Naif sanat, kaba sanat, ilkel sanat, yabancı sanat ve ham sanat olarak da bilinen Brut art, vizyoner bir bakış açısı veya gelenek tarafından engellenmemiş kaba olarak tarif edilen ve estetik kaygı gütmeyen sanatların tümüne denir.

1948 yılında Dubuffet geniş bir Brut Art sanat koleksiyonu toplayarak resmi üretimden uzak olan bu sanatı desteklemiştir. Üstelik Compagnie de l’Art Brut’u kurarak bu sanat akımının gelişmesini sağlamıştır.

Topladığı koleksiyonu şu an da İsviçre’nin Lozan kentindeki La Collection de l’Art Brut müzesinde sergilenmektedir.

İsviçre'nin Lozan kentindeki La Collection de l'Art Brut Müzesi
İsviçre’nin Lozan kentindeki La Collection de l’Art Brut Müzesi

Brut Art başlı başına ilkel ögeleri barındırdığından bireylerin kendini ifade etmesine olanak tanıdığı gibi sanat terapisi çeşidi olarak da kullanılabilir.

Bilhassa psikolojide bireyin çocukluğuna inerek travmalarını keşfedebilmesi bu sanat akımının özünü oluşturur.

Sanatın iyileştirici etkisi Brut Art akımı için oldukça önem arz eder. Nitekim kendi benliğinin bilinmeyenlerini keşfeden birey, bilinçaltının bilinçli bir tezahürüyle farkındalığını artırır. Bu süreç tıpta terapötik olarak adlandırılır.

Brut Art, bireyin duygu ve düşüncelerini geliştirme de fayda sağladığı bilimsel araştırmalar nezdinde kanıtlanmıştır.

Bir Sanat Terapisi Olarak Brut Art

Brut Art, sanat terapisinin çıktığı ilk dönemlerde Jean Dubuffet bu tekniğin psikiyatri kliniklerinde, psikoloji ve rehabilitasyon merkezlerinde psikolojik rahatsızlığı olan hastalarda uygulanabileceğini kanıtlamıştır.

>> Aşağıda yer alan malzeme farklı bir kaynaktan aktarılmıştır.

lemma point_regular_base_exists_strict_subset:
  assumes "point_regular_base X \<B>" "infinite F" "F \<subseteq> {B\<in>\<B>. x \<in> B}"
    "finite G" "G \<subseteq> {B\<in>\<B>. x \<in> B}"
  obtains D where "D \<in> F" "\<forall>C\<in>G. D \<subset> C"
proof -
  let ?E = "G \<union> (\<Union>C\<in>G. {B\<in>\<B>. x \<in> B \<and> \<not> B \<subseteq> C})"
  have "finite ?E"
    using assms(4,5) point_regular_base_finite_not_subset[OF assms(1) point_regular_base_openin[OF assms(1)]]
    by auto
  then have "infinite (F - ?E)"
    using assms(2) by (rule Diff_infinite_finite)
  then have "F - ?E \<noteq> {}"
    by (rule infinite_imp_nonempty)
  then show thesis
    using assms(3) that by blast
qed

lemma finite_base_supersets_rank_less:
  assumes "point_regular_base X \<B>"
  shows "finite {B\<in>\<B>. x \<in> B \<and> (\<forall>C\<in>\<B>. B \<subset> C \<longrightarrow> base_rank \<B> C < n)}" (is "finite ?F")
proof (rule ccontr)
  assume inf: "infinite ?F"
  then obtain G where G: "G \<subseteq> ?F" "finite G" "card G = n"
    by (meson infinite_arbitrarily_large)
  obtain E where E: "E \<in> ?F" "\<forall>C\<in>G. E \<subset> C"
    by (rule point_regular_base_exists_strict_subset[OF assms inf _ G(2)]) (use G(1) in blast)+
  obtain D where D: "D \<in> ?F" "D \<subset> E"
    by (rule point_regular_base_exists_strict_subset[OF assms inf, where G="{E}"]) (use E(1) in auto)
  have "card G \<le> base_rank \<B> E"
    using E G(1) by (intro card_le_base_rank[OF assms]) auto
  moreover have "base_rank \<B> E < n"
    using D E(1) by blast
  ultimately show False
    using G(3) by simp
qed

lemma finite_base_rank_le:
  assumes pr: "point_regular_base X \<B>"
  shows "finite {B\<in>\<B>. x \<in> B \<and> base_rank \<B> B \<le> n}"
  using finite_base_supersets_rank_less[OF pr, of x "Suc n"]
  by (rule finite_subset[rotated]) (use base_rank_strict_superset_less[OF pr] in fastforce)

lemma Inter_point_regular_base_at:
  assumes pr: "point_regular_base X \<B>" and "t1_space X" "x \<in> topspace X"
  shows "\<Inter>{B\<in>\<B>. x \<in> B} = {x}"
proof
  show "{x} \<subseteq> \<Inter>{B\<in>\<B>. x \<in> B}"
    by blast
  show "\<Inter>{B\<in>\<B>. x \<in> B} \<subseteq> {x}"
  proof (rule subsetI, rule ccontr)
    fix y assume y: "y \<in> \<Inter>{B\<in>\<B>. x \<in> B}" "y \<notin> {x}"
    have "openin X (topspace X - {y})"
      using assms(2) by (simp add: t1_space_openin_delete_alt)
    moreover have "x \<in> topspace X - {y}"
      using assms(3) y(2) by blast
    ultimately obtain B where "B \<in> \<B>" "x \<in> B" "B \<subseteq> topspace X - {y}"
      by (rule point_regular_base_nhd[OF pr])
    then show False
      using y(1) by blast
  qed
qed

Bir sanatçı olarak Jean Dubuffet Brut Art ile bireyin bilinçaltı ve çocukluk dönemiyle bağlantı kurarak bireyin ilkel zihnini keşfetmesini teşvik eder.

Ayrıca çocukların çizdiği resimlere öykünerek bilinçli veya bilinçsiz resim uygulamalarıyla bireyin kendi benliğini dışa yansıtmasını sağlar.

Bu akımla sanatta yeni bir furya başlatan Dubuffet, birçok naif ressamı da etkileyerek bu akıma sanatsal perspektifte birçok eser kazandırmıştır.

Brut Art Tekniğiyle Yapılan Sanat Eserleri

Brut Art hareketi bireyin öznelliğine dem vurduğundan klasik üslubun kusursuz sanat anlayışını başlı başına reddeder.

Özellikle Dubuffet’in “güzel algısını yerle bir etmek” deyimi bu sanatın ana temasını oluşturduğundan marjinal diyebileceğimiz Brut Art eserler ortaya çıkmıştır.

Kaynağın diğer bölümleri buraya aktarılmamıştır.